=== Data shown ===
definition hess_norm :: "('a::euclidean_space \<Rightarrow> real) \<Rightarrow> 'a \<Rightarrow> real" where
  "hess_norm g x = sqrt (\<Sum>b\<in>Basis. \<Sum>c\<in>Basis. (pderiv_dir b (pderiv_dir c g) x)\<^sup>2)"

end

theory Submission
  imports Defs
begin

text \<open>Take \<open>f x = \<psi> (|x|\<^sup>2)\<close> with \<open>\<psi> t = t (1 - s t) + 2 s t\<close>, where \<open>s\<close> is a smooth
  step from \<open>0\<close> (for \<open>t \<le> 1\<close>) to \<open>1\<close> (for \<open>t \<ge> 4\<close>) built from \<open>exp (-1/t)\<close>. Then
  \<open>f \<ge> min (|x|\<^sup>2) 1\<close>. Smoothness holds because every iterated directional derivative of
  \<open>f\<close> stays in the algebra generated by linear forms and functions \<open>\<phi> (|x|\<^sup>2)\<close>, with \<open>\<phi>\<close>
  ranging over a derivative-closed algebra of real functions containing \<open>\<psi>\<close>.
  The derivatives of \<open>f\<close> vanish for \<open>|z| > 2\<close>, \<open>|\<nabla>f z| \<le> G min |z| 2\<close> and
  \<open>|\<nabla>\<^sup>2f z| \<le> H\<close>. For the increment estimates put \<open>u = min (|x| + \<delta>) 1\<close>: then
  \<open>|y| \<le> C\<^sub>2 u\<close>, \<open>min |x + r y| 2 \<le> (2 + C\<^sub>2) u\<close>, and \<open>u\<^sup>2\<close> is at most
  \<open>4 (f x + \<delta>\<^sup>2)\<close> as well as \<open>4 (f x + \<delta>)\<close>.\<close>

definition flat :: "nat \<Rightarrow> real \<Rightarrow> real" where
  "flat k t = (if 0 < t then exp (- inverse t) / t ^ k else 0)"

lemma flat_nonneg: "0 \<le> flat k t"
  by (simp add: flat_def)

lemma flat_pos: "0 < t \<Longrightarrow> 0 < flat k t"
  by (simp add: flat_def)

lemma flat_over_id_tendsto_0: "((\<lambda>t. flat k t / t) \<longlongrightarrow> 0) (at 0)"
proof (rule filterlim_split_at)
  have "eventually (\<lambda>t. flat k t / t = 0) (at_left 0)"
    unfolding eventually_at_filter by (auto simp: flat_def)
  then show "((\<lambda>t. flat k t / t) \<longlongrightarrow> 0) (at_left 0)"
    by (rule tendsto_eventually)
next
  have "eventually (\<lambda>s. s ^ Suc k / exp s = flat k (inverse s) / inverse s) at_top"
    using eventually_gt_at_top[of 0]
    by eventually_elim (simp add: flat_def exp_minus power_inverse divide_inverse)
  then have "((\<lambda>s. flat k (inverse s) / inverse s) \<longlongrightarrow> 0) at_top"
    using tendsto_power_div_exp_0[of "Suc k"] by (rule Lim_transform_eventually[rotated])
  then show "((\<lambda>t. flat k t / t) \<longlongrightarrow> 0) (at_right 0)"
    unfolding filterlim_at_right_to_top .
qed

lemma flat_has_real_derivative:
  "(flat k has_real_derivative flat (k + 2) t - real k * flat (k + 1) t) (at t)"
proof -
  consider "0 < t" | "t < 0" | "t = 0" by linarith
  then show ?thesis
  proof cases
    case 1
    have "((\<lambda>t. exp (- inverse t) / t ^ k) has_real_derivative
        flat (k + 2) t - real k * flat (k + 1) t) (at t)"
      using 1 by (auto intro!: derivative_eq_intros simp: flat_def) (cases k; simp add: field_simps)
    then show ?thesis
      by (rule has_field_derivative_transform_within_open[where S="{0<..}"])
        (use 1 in \<open>auto simp: flat_def\<close>)
  next
    case 2
    have "((\<lambda>t. 0) has_real_derivative flat (k + 2) t - real k * flat (k + 1) t) (at t)"
      using 2 by (simp add: flat_def)
    then show ?thesis
      by (rule has_field_derivative_transform_within_open[where S="{..<0}"])
        (use 2 in \<open>auto simp: flat_def\<close>)
  next
    case 3
    then show ?thesis
      using flat_over_id_tendsto_0[of k] unfolding has_field_derivative_iff
      by (simp add: flat_def)
  qed
qed

lemma flat_sum_pos: "0 < flat 0 (t - 1) + flat 0 (4 - t)"
  using flat_pos[of "t - 1" 0] flat_pos[of "4 - t" 0] flat_nonneg[of 0 "t - 1"] flat_nonneg[of 0 "4 - t"]
  by (cases "1 < t") auto

lemma flat_left_has_real_derivative:
  "((\<lambda>t. flat k (t - 1)) has_real_derivative
      flat (k + 2) (t - 1) + (- real k) * flat (k + 1) (t - 1)) (at t)"
proof -
  have "((\<lambda>t. flat k (t - 1)) has_real_derivative
      (flat (k + 2) (t - 1) - real k * flat (k + 1) (t - 1)) * 1) (at t)"
    by (rule DERIV_chain2[OF flat_has_real_derivative]) (auto intro!: derivative_eq_intros)
  then show ?thesis by simp
qed

lemma flat_right_has_real_derivative:
  "((\<lambda>t. flat k (4 - t)) has_real_derivative
      (- 1) * (flat (k + 2) (4 - t) + (- real k) * flat (k + 1) (4 - t))) (at t)"
proof -
  have "((\<lambda>t. flat k (4 - t)) has_real_derivative
      (flat (k + 2) (4 - t) - real k * flat (k + 1) (4 - t)) * (- 1)) (at t)"
    by (rule DERIV_chain2[OF flat_has_real_derivative]) (auto intro!: derivative_eq_intros)
  then show ?thesis by simp
qed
===
* [Problem to work on] Nothing in the records may be dropped; reproduce them exactly.

* [Exercise output]
definition hess_norm :: "('a::euclidean_space \<Rightarrow> real) \<Rightarrow> 'a \<Rightarrow> real" where
  "hess_norm g x = sqrt (\<Sum>b\<in>Basis. \<Sum>c\<in>Basis. (pderiv_dir b (pderiv_dir c g) x)\<^sup>2)"

end

theory Submission
  imports Defs
begin

text \<open>Take \<open>f x = \<psi> (|x|\<^sup>2)\<close> with \<open>\<psi> t = t (1 - s t) + 2 s t\<close>, where \<open>s\<close> is a smooth
  step from \<open>0\<close> (for \<open>t \<le> 1\<close>) to \<open>1\<close> (for \<open>t \<ge> 4\<close>) built from \<open>exp (-1/t)\<close>. Then
  \<open>f \<ge> min (|x|\<^sup>2) 1\<close>. Smoothness holds because every iterated directional derivative of
  \<open>f\<close> stays in the algebra generated by linear forms and functions \<open>\<phi> (|x|\<^sup>2)\<close>, with \<open>\<phi>\<close>
  ranging over a derivative-closed algebra of real functions containing \<open>\<psi>\<close>.
  The derivatives of \<open>f\<close> vanish for \<open>|z| > 2\<close>, \<open>|\<nabla>f z| \<le> G min |z| 2\<close> and
  \<open>|\<nabla>\<^sup>2f z| \<le> H\<close>. For the increment estimates put \<open>u = min (|x| + \<delta>) 1\<close>: then
  \<open>|y| \<le> C\<^sub>2 u\<close>, \<open>min |x + r y| 2 \<le> (2 + C\<^sub>2) u\<close>, and \<open>u\<^sup>2\<close> is at most
  \<open>4 (f x + \<delta>\<^sup>2)\<close> as well as \<open>4 (f x + \<delta>)\<close>.\<close>

definition flat :: "nat \<Rightarrow> real \<Rightarrow> real" where
  "flat k t = (if 0 < t then exp (- inverse t) / t ^ k else 0)"

lemma flat_nonneg: "0 \<le> flat k t"
  by (simp add: flat_def)

lemma flat_pos: "0 < t \<Longrightarrow> 0 < flat k t"
  by (simp add: flat_def)

lemma flat_over_id_tendsto_0: "((\<lambda>t. flat k t / t) \<longlongrightarrow> 0) (at 0)"
proof (rule filterlim_split_at)
  have "eventually (\<lambda>t. flat k t / t = 0) (at_left 0)"
    unfolding eventually_at_filter by (auto simp: flat_def)
  then show "((\<lambda>t. flat k t / t) \<longlongrightarrow> 0) (at_left 0)"
    by (rule tendsto_eventually)
next
  have "eventually (\<lambda>s. s ^ Suc k / exp s = flat k (inverse s) / inverse s) at_top"
    using eventually_gt_at_top[of 0]
    by eventually_elim (simp add: flat_def exp_minus power_inverse divide_inverse)
  then have "((\<lambda>s. flat k (inverse s) / inverse s) \<longlongrightarrow> 0) at_top"
    using tendsto_power_div_exp_0[of "Suc k"] by (rule Lim_transform_eventually[rotated])
  then show "((\<lambda>t. flat k t / t) \<longlongrightarrow> 0) (at_right 0)"
    unfolding filterlim_at_right_to_top .
qed

lemma flat_has_real_derivative:
  "(flat k has_real_derivative flat (k + 2) t - real k * flat (k + 1) t) (at t)"
proof -
  consider "0 < t" | "t < 0" | "t = 0" by linarith
  then show ?thesis
  proof cases
    case 1
    have "((\<lambda>t. exp (- inverse t) / t ^ k) has_real_derivative
        flat (k + 2) t - real k * flat (k + 1) t) (at t)"
      using 1 by (auto intro!: derivative_eq_intros simp: flat_def) (cases k; simp add: field_simps)
    then show ?thesis
      by (rule has_field_derivative_transform_within_open[where S="{0<..}"])
        (use 1 in \<open>auto simp: flat_def\<close>)
  next
    case 2
    have "((\<lambda>t. 0) has_real_derivative flat (k + 2) t - real k * flat (k + 1) t) (at t)"
      using 2 by (simp add: flat_def)
    then show ?thesis
      by (rule has_field_derivative_transform_within_open[where S="{..<0}"])
        (use 2 in \<open>auto simp: flat_def\<close>)
  next
    case 3
    then show ?thesis
      using flat_over_id_tendsto_0[of k] unfolding has_field_derivative_iff
      by (simp add: flat_def)
  qed
qed

lemma flat_sum_pos: "0 < flat 0 (t - 1) + flat 0 (4 - t)"
  using flat_pos[of "t - 1" 0] flat_pos[of "4 - t" 0] flat_nonneg[of 0 "t - 1"] flat_nonneg[of 0 "4 - t"]
  by (cases "1 < t") auto

lemma flat_left_has_real_derivative:
  "((\<lambda>t. flat k (t - 1)) has_real_derivative
      flat (k + 2) (t - 1) + (- real k) * flat (k + 1) (t - 1)) (at t)"
proof -
  have "((\<lambda>t. flat k (t - 1)) has_real_derivative
      (flat (k + 2) (t - 1) - real k * flat (k + 1) (t - 1)) * 1) (at t)"
    by (rule DERIV_chain2[OF flat_has_real_derivative]) (auto intro!: derivative_eq_intros)
  then show ?thesis by simp
qed

lemma flat_right_has_real_derivative:
  "((\<lambda>t. flat k (4 - t)) has_real_derivative
      (- 1) * (flat (k + 2) (4 - t) + (- real k) * flat (k + 1) (4 - t))) (at t)"
proof -
  have "((\<lambda>t. flat k (4 - t)) has_real_derivative
      (flat (k + 2) (4 - t) - real k * flat (k + 1) (4 - t)) * (- 1)) (at t)"
    by (rule DERIV_chain2[OF flat_has_real_derivative]) (auto intro!: derivative_eq_intros)
  then show ?thesis by simp
qed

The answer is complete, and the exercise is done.